One of the best Elmore Leonard adaptations: Jackie Brown

Inspired by an ongoing online discussion with two WOHS friends, which has led us to talk about whether to see Django Unchained, last night I watched an early Quentin Tarantino film much touted by AW, Jackie Brown, from 1997, I think - with Pam Grier in title role, Samuel L. Jackson as the street thug gun runner, and Robert de Niro giving an excellent performance as Jackson's recently sprung sidekick (also Robert Forster, whom I don't really know, in a fine turn as a bail bondsman whom Grier draws into a weird double-crossing scheme). All you really need to know is that this is an Elmore Leonard-based project (based on his novel Rum Punch), and it has all of the Leaonard traits and quirks, for better or worse: strong over-the-top nearly cartoonish characters, probably accurate knowledge of the argot and lingo of criminals, episodic narrative development, and plot with lots of twists and kinks that ultimately leaves you thinking: huh? Tarantino seems to stay close to the source, and the movie logs in at well over 2 hours, which is probably too long for a crime movie that really doesn't move much beyond the conventions of the genre but is maybe necessary because of the plot complexity: any editing would either jettison key plot elements of leave us with nothing but plot.

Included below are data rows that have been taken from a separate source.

(* Let $q\equiv 3\pmod 4$ be a prime power. Let $\Psi:\mathcal{H}_2(\mathbb{F}_{q^2})\to\mathcal{H}_2(\mathbb{F}_{q^2})$ and $\Phi:\mathcal{HGL}_2(\mathbb{F}_{q^2})\to\mathcal{HGL}_2(\mathbb{F}_{q^2})$ be maps and set $\psi=\Omega^{-1}\circ\Psi\circ\Omega:\mathbb{F}_q^4\to\mathbb{F}_q^4$ and $\varphi=\omega^{-1}\circ\Phi\circ\omega:\mathbb{F}_q^4\setminus C_0\to\mathbb{F}_q^4\setminus C_0$. Then: (i) If $\Psi(A)=A+B$ for some fixed $B\in\mathcal{H}_2(\mathbb{F}_{q^2})$, then $\psi(\mathbf{r})=\mathbf{r}+\mathbf{r}_0$ for some $\mathbf{r}_0\in\mathbb{F}_q^4$. (ii) If $\Phi(A)=A^{-1}$, then $\varphi(\mathbf{r})=\frac{L\mathbf{r}}{(\mathbf{r},\mathbf{r})}$ for some Lorentz matrix $L$. (iii) If $\Psi(A)=A^\sigma$ for some field automorphism $\sigma$ of $\mathbb{F}_{q^2}$ (applied entry-wise), then $\psi(\mathbf{r})=L\mathbf{r}^\tau$ for some Lorentz matrix $L$ and some automorphism $\tau$ of $\mathbb{F}_q$ (applied coordinate-wise). (iv) If $\Psi(A)=PAP^\ast$ for some invertible $2\times2$ matrix $P$ such that $\det P\,\overline{\det P}$ is a square in $\mathbb{F}_q$, then $\psi(\mathbf{r})=\alpha L\mathbf{r}$ for some Lorentz matrix $L$ and nonzero $\alpha\in\mathbb{F}_q$. (v) If $\Psi(A)=PAP^\ast$ for some invertible $P$ such that $\det P\,\overline{\det P}$ is not a square in $\mathbb{F}_q$, then $\psi(\mathbf{r})=\alpha K\mathbf{r}$ for some anti-Lorentz matrix $K$ and nonzero $\alpha\in\mathbb{F}_q$.
   Context: $\mathbb{F}_{q^2}$ is the field with $q^2$ elements, with involution $\bar x=x^q$ whose fixed field is $\mathbb{F}_q$; $X^\ast=\bar X^\top$; $\mathcal{H}_2(\mathbb{F}_{q^2})$ is the set of $2\times2$ hermitian ($A^\ast=A$) matrices and $\mathcal{HGL}_2(\mathbb{F}_{q^2})$ its invertible elements. Since $q\equiv3\pmod4$, $-1$ is not a square in $\mathbb{F}_q$; fix $\imath\in\mathbb{F}_{q^2}$ with $\imath^2=-1$. For $\mathbf{r}_k=(x_k,y_k,z_k,t_k)^\top\in\mathbb{F}_q^4$ put $(\mathbf{r}_1,\mathbf{r}_2)=-x_1x_2-y_1y_2-z_1z_2+t_1t_2$, and $C_0=\{\mathbf{r}:(\mathbf{r},\mathbf{r})=0\}$. A $4\times4$ matrix $L$ over $\mathbb{F}_q$ is Lorentz if $(L\mathbf{r}_1,L\mathbf{r}_2)=(\mathbf{r}_1,\mathbf{r}_2)$ for all $\mathbf{r}_1,\mathbf{r}_2$, and anti-Lorentz if $(L\mathbf{r}_1,L\mathbf{r}_2)=-(\mathbf{r}_1,\mathbf{r}_2)$ for all $\mathbf{r}_1,\mathbf{r}_2$. $\Omega:\mathbb{F}_q^4\to\mathcal{H}_2(\mathbb{F}_{q^2})$ is the bijection $\Omega((x,y,z,t)^\top)=\begin{bmatrix}t+x&y+\imath z\\ y-\imath z&t-x\end{bmatrix}$, which maps $\mathbb{F}_q^4\setminus C_0$ bijectively onto $\mathcal{HGL}_2(\mathbb{F}_{q^2})$; $\omega$ is this restriction. *)

theory Defs
  imports "HOL-Analysis.Analysis"
begin
(* Let $Z,X$ be real vector spaces, $\Omega\subseteq Z$ nonempty, $f:Z\to X$, and let $K\subseteq X$ be a nontrivial convex cone with a convex base $B$. Consider the vector optimization problem of minimizing $f$ over $\Omega$ with respect to $K$. Then: (i) every BeV proper efficient solution is an efficient solution; (ii) every HuV proper efficient solution is a BeV proper efficient solution, and the converse holds if $f(\Omega)+K$ is convex; (iii) every VP solution is a VH solution; (iv) every VH solution is a BeV proper efficient solution.
   Context: $K$ nontrivial means $K\neq\{0\}$ and $K\neq X$. A base of $K$ is a set $B$ with $0\notin B$ such that each $k\in K\setminus\{0\}$ has a unique representation $k=tb$ with $t>0$, $b\in B$. For $A\subseteq X$: $cone(A)=\{ta: t\ge0, a\in A\}$; $conv(A)$ is the convex hull; $cor(A):=\{x\in A:\ \forall x'\in X\ \exists \lambda'>0 \text{ with } x+\lambda x'\in A\ \forall\lambda\in[0,\lambda']\}$; $vcl(A):=\{b\in X:\ \exists x\in X \text{ such that } \forall\lambda'>0\ \exists\lambda\in[0,\lambda'] \text{ with } b+\lambda x\in A\}$. For a cone $C\subseteq X$, $x_0\in\Omega$ is efficient with respect to $C$ if $(f(\Omega)-f(x_0))\cap(-C)=\{0\}$; an efficient solution means efficient with respect to $K$. $x_0\in\Omega$ is: a VP solution if there is a convex set $V$ with $0\in V$, $cor(V)=V$, $cone(B+V)\neq X$, such that $x_0$ is efficient with respect to $cone(B+V)$; a VH solution if there is a pointed convex cone $C$ ($C\cap(-C)=\{0\}$) with $K\setminus\{0\}\subseteq cor(C)$ such that $x_0$ is efficient with respect to $C$; a HuV proper efficient solution if $vcl\big(conv\big(cone((f(\Omega)-f(x_0))\cup K)\big)\big)\cap(-K)=\{0\}$; a BeV proper efficient solution if $vcl\big(cone(f(\Omega)-f(x_0)+K)\big)\cap(-K)=\{0\}$. *)

theory Defs
  imports "HOL-Analysis.Analysis"
begin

And what does make the movie are some of the great scenes involving Jackson: his visits to the bail bondsman's office, smoking away, a bag of cash at the ready; his visit to an accomplice who's turned; his drinking scene with De Niro as they discuss De Niro's fling with Jackson's squeeze (Bridget Fonda). Obviously QT is known for the extreme violence in his films, but though JB is loaded with menace and nuance, it's not graphically violent: there are 4 shooting deaths, but each is quite sudden and shown by indirection. I really question with Jackson would have walked into the darkened bondsman's office late at night in the final sequence - hasn't he seen Seven Samurai? Obviously QT has - but on the whole it's a very entertaining movie that does not feel overly long: doesn't have the depth and scope or the unique qualities of QT's early Reservoir Dogs, but it's as good an Elmore Leonard adaptation as we're likely to see. Maybe QT should try another one?